Your team doesn’t automatically trust you just because you have the title of “executive”. Fostering real trust requires consistent behavior, honest communication, and sincere investment in the people around you. For executives, trust is essential in order for everything else to work.
Zac Sandvig outlines five useful tips to develop trust amongst your team:
Communicate With Transparency
Teams don’t need to know absolutely everything, but they do need to feel informed. Sharing the “why” behind a decision matters just as much as the decision itself. People who understand the reasoning are much more likely to support the direction, even when they don’t fully agree with it. Honesty in the presence of uncertainty builds more credibility than polished messaging ever will.
Follow Through Consistently
Trust erodes the second you say one thing and do the opposite. Teams are always watching your actions. If they can’t trust you to follow through on the small things, you cannot then expect them to trust you on the big ones. But if you follow through on low-stakes things, it signals that bigger ones will be handled the same way. Follow-through is what separates respected leaders from those whom the team merely tolerates.
Create Space for Direct Dialogue
Executives who genuinely invite pushback signal that it’s safe to speak up. According to research from Harvard Business Review, psychological safety is one of the strongest predictors of top-performing teams. People do their best work when they are listened to rather than managed. Listening without getting defensive is a skill worth deliberately developing.
Recognize Contributions Publicly
So many executives overlook this simple act—acknowledging their team’s contributions. IT doesn’t cost you anything, but it goes so much further than most leaders realize. When executives recognize the team instead of themselves after a win, people notice. This simple habit builds the kind of loyalty that boosts retention and performance.
Zac Sandvig has witnessed it firsthand as the CFO of Tractor Zoom. A quick callout in a meeting or a direct message after a tough project goes further than most leaders expect.

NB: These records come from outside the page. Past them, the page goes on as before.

lemma down_form_smult:
  assumes "r \<in> carrier R" and "\<phi> \<in> carrier MD"
  shows "down_form (r \<odot>\<^bsub>MD\<^esub> \<phi>) = \<pi> r \<odot>\<^bsub>YD\<^esub> down_form \<phi>"
  unfolding down_form_def dual_smult[of S Y]
  using assms by (intro restrict_ext) (simp add: linear_form_smult[OF linear_form_Y] descend_mult invariant_Y_apply)

lemma up_form_down_form:
  assumes \<phi>: "\<phi> \<in> carrier MD"
  shows "up_form (down_form \<phi>) = N \<odot>\<^bsub>MD\<^esub> \<phi>"
  unfolding dual_smult[of R M] up_form_def
proof (intro restrict_ext)
  fix x assume x: "x \<in> carrier M"
  then show "\<iota> (down_form \<phi> (N \<odot>\<^bsub>MDD\<^esub> ev x)) = N \<otimes>\<^bsub>R\<^esub> \<phi> x"
    using \<phi> norm_eval_in_Y[OF x] by (simp add: down_form_def norm_eval_apply pullback_descend invariant_norm_mult)
qed

text \<open>This is where the finite generation of \<open>M\<close> enters: \<open>y\<close> is replaced by an element of
  \<open>M\<close>, which is possible after multiplying by a nonzero integer.\<close>

lemma Y_apply_up_form:
  assumes y: "y \<in> carrier Y" and \<chi>: "\<chi> \<in> carrier YD"
  shows "y (up_form \<chi>) = int_scale (card H) (\<iota> (\<chi> y))"
proof -
  interpret S: cring S by (rule cring_S)
  obtain k x where "k \<noteq> 0" and x: "x \<in> carrier M" and kx: "\<And>\<psi>. \<psi> \<in> carrier MD \<Longrightarrow> \<psi> x = int_scale k (y \<psi>)"
    using bidual_multiple_in_image[OF finite_carrier module_M fin_gen_M Y_subset[OF y]] by blast
  define m where "m = k * int (card H)"
  have m: "int_scale m \<one>\<^bsub>S\<^esub> \<in> carrier S" by (rule int_scale_carrier[OF S.one_closed])
  have \<chi>y: "\<chi> y \<in> carrier S" by (rule linear_form_closed[OF linear_form_YD[OF \<chi>] y])
  have "N \<odot>\<^bsub>MDD\<^esub> ev x = int_scale m \<one>\<^bsub>S\<^esub> \<odot>\<^bsub>Y\<^esub> y"
    unfolding invariants_smult dual_smult[of R MD]
  proof (rule restrict_ext)
    fix \<psi> assume \<psi>: "\<psi> \<in> carrier MD"
    have "N \<otimes>\<^bsub>R\<^esub> ev x \<psi> = int_scale m (y \<psi>)"
      using \<psi> kx[OF \<psi>] invariant_Y_apply[OF y \<psi>]
      by (simp add: eval_bidual_apply int_scale_mult_right norm_mult_invariant int_scale_int_scale m_def
          mult.commute)
    then show "N \<otimes>\<^bsub>R\<^esub> ev x \<psi> = q (int_scale m \<one>\<^bsub>S\<^esub>) \<otimes>\<^bsub>R\<^esub> y \<psi>"
      by (simp add: quot_lift_int_scale_one invariant_Y_apply[OF y \<psi>])
  qed
  then have "up_form \<chi> x = int_scale m (\<iota> (\<chi> y))"
    using x linear_form_smult[OF linear_form_YD[OF \<chi>] m y] \<chi>y
    by (simp add: up_form_def int_scale_mult_left pullback_int_scale)
  then have "int_scale k (y (up_form \<chi>)) = int_scale k (int_scale (card H) (\<iota> (\<chi> y)))"
    using kx[OF up_form_closed[OF \<chi>]] by (simp add: int_scale_int_scale m_def)
  then show ?thesis using \<open>k \<noteq> 0\<close> by (rule int_scale_cancel[rotated])
qed

lemma down_form_up_form:
  assumes \<chi>: "\<chi> \<in> carrier YD"
  shows "down_form (up_form \<chi>) = int_scale (card H) \<one>\<^bsub>S\<^esub> \<odot>\<^bsub>YD\<^esub> \<chi>"
  unfolding down_form_def dual_smult[of S Y]
proof (rule restrict_ext)
  interpret S: cring S by (rule cring_S)
  fix y assume y: "y \<in> carrier Y"
  have "\<chi> y \<in> carrier S" by (rule linear_form_closed[OF linear_form_YD[OF \<chi>] y])
  then show "\<kappa> (y (up_form \<chi>)) = int_scale (card H) \<one>\<^bsub>S\<^esub> \<otimes>\<^bsub>S\<^esub> \<chi> y"
    by (simp add: Y_apply_up_form[OF y \<chi>] descend_int_scale descend_pullback int_scale_mult_left)
qed

end

section \<open>The isomorphism\<close>

context invariant_bidual
begin

definition ext_bidual_map :: "nat \<Rightarrow> (((('m \<Rightarrow> 'g \<Rightarrow> int) \<Rightarrow> 'g \<Rightarrow> int) \<Rightarrow> 'g set \<Rightarrow> int) list \<Rightarrow> 'g set \<Rightarrow> int)
    \<Rightarrow> ('m \<Rightarrow> 'g \<Rightarrow> int) list \<Rightarrow> 'g \<Rightarrow> int" where
  "ext_bidual_map s \<Psi> = (\<lambda>\<phi>s\<in>tuples MD s. \<iota> (\<Psi> (map down_form \<phi>s)))"

lemma invariant_alt_dual_apply:
  assumes \<Theta>: "\<Theta> \<in> carrier (invariants G H (alt_dual R MD s))" and \<phi>s: "\<phi>s \<in> tuples MD s"
  shows "invariant_elem G H (\<Theta> \<phi>s)"
proof -
  have "alt_multilinear R MD s \<Theta>" using \<Theta> by (simp add: invariants_carrier_iff alt_dual_carrier_iff)
  moreover have "gr_elem G h \<otimes>\<^bsub>R\<^esub> \<Theta> \<phi>s = \<Theta> \<phi>s" if "h \<in> H" for h
    using fun_cong[OF bspec[OF conjunct2[OF \<Theta>[unfolded invariants_carrier_iff]] that], of \<phi>s] \<phi>s
    by (simp add: alt_dual_smult)
  ultimately show ?thesis using \<phi>s by (simp add: invariant_elem_def alt_multilinear_closed)
qed

lemma ext_bidual_map_closed:
  assumes "\<Psi> \<in> carrier (alt_dual S YD s)"
  shows "ext_bidual_map s \<Psi> \<in> carrier (invariants G H (alt_dual R MD s))"
proof -
  have \<Psi>: "alt_multilinear S YD s \<Psi>" using assms by (simp add: alt_dual_carrier_iff)
  have "alt_multilinear R MD s (ext_bidual_map s \<Psi>)"
    unfolding ext_bidual_map_def
  proof (rule alt_multilinear_transfer[OF \<Psi> module_closed_MD, where f=down_form and \<sigma>=\<pi> and h=\<iota>])
    fix r xs assume "r \<in> carrier R" and "xs \<in> tuples MD s"
    then show "\<iota> (\<pi> r \<otimes>\<^bsub>S\<^esub> \<Psi> (map down_form xs)) = r \<otimes>\<^bsub>R\<^esub> \<iota> (\<Psi> (map down_form xs))"
      by (intro pullback_mult_pushforward alt_multilinear_closed[OF \<Psi>] tuples_map down_form_closed)
  qed (simp_all add: down_form_closed down_form_add down_form_smult pushforward_carrier pullback_carrier
      pullback_add pullback_zero)
  moreover have "gr_elem G h \<odot>\<^bsub>alt_dual R MD s\<^esub> ext_bidual_map s \<Psi> = ext_bidual_map s \<Psi>" if "h \<in> H" for h
    unfolding alt_dual_smult ext_bidual_map_def
    by (rule restrict_ext) (use that invariant_pullback in \<open>simp add: invariant_elem_def\<close>)
  ultimately show ?thesis by (simp add: invariants_carrier_iff alt_dual_carrier_iff)
qed

lemma ext_bidual_map_add:
  assumes "\<Psi> \<in> carrier (alt_dual S YD s)" and "\<Psi>' \<in> carrier (alt_dual S YD s)"
  shows "ext_bidual_map s (\<Psi> \<oplus>\<^bsub>alt_dual S YD s\<^esub> \<Psi>')
    = ext_bidual_map s \<Psi> \<oplus>\<^bsub>invariants G H (alt_dual R MD s)\<^esub> ext_bidual_map s \<Psi>'"
  unfolding invariants_add alt_dual_add ext_bidual_map_def
  by (rule restrict_ext) (simp add: tuples_map down_form_closed pullback_add)

lemma ext_bidual_map_smult:
  assumes "f \<in> carrier S"
  shows "ext_bidual_map s (f \<odot>\<^bsub>alt_dual S YD s\<^esub> \<Psi>) = f \<odot>\<^bsub>invariants G H (alt_dual R MD s)\<^esub> ext_bidual_map s \<Psi>"
  unfolding invariants_smult alt_dual_smult ext_bidual_map_def
  by (rule restrict_ext) (simp add: tuples_map down_form_closed quot_lift_mult_pullback)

Show Vulnerability When It’s Warranted
Many leaders don’t like to admit when they’ve made a mistake. But it can actually strengthen your authority rather than weaken it. If you try to get people to think you have every answer, they simply won’t believe you, and you end up losing credibility.
An appropriate amount of vulnerability actually demonstrates self-awareness and confidence. Teams respect leaders who are honest about their limitations and know when to delegate.
Final Thoughts
Trust isn’t something you can build overnight or through one big gesture. It requires ongoing effort and a willingness to put the real people on your team first. Executives who focus on trust build more engaged and resilient teams who actually want to go the extra mile when it counts.
For Zac Sandvig, trust isn’t a soft concept or a luxury. It’s a core leadership asset that directly shapes performance, culture, and long-term success.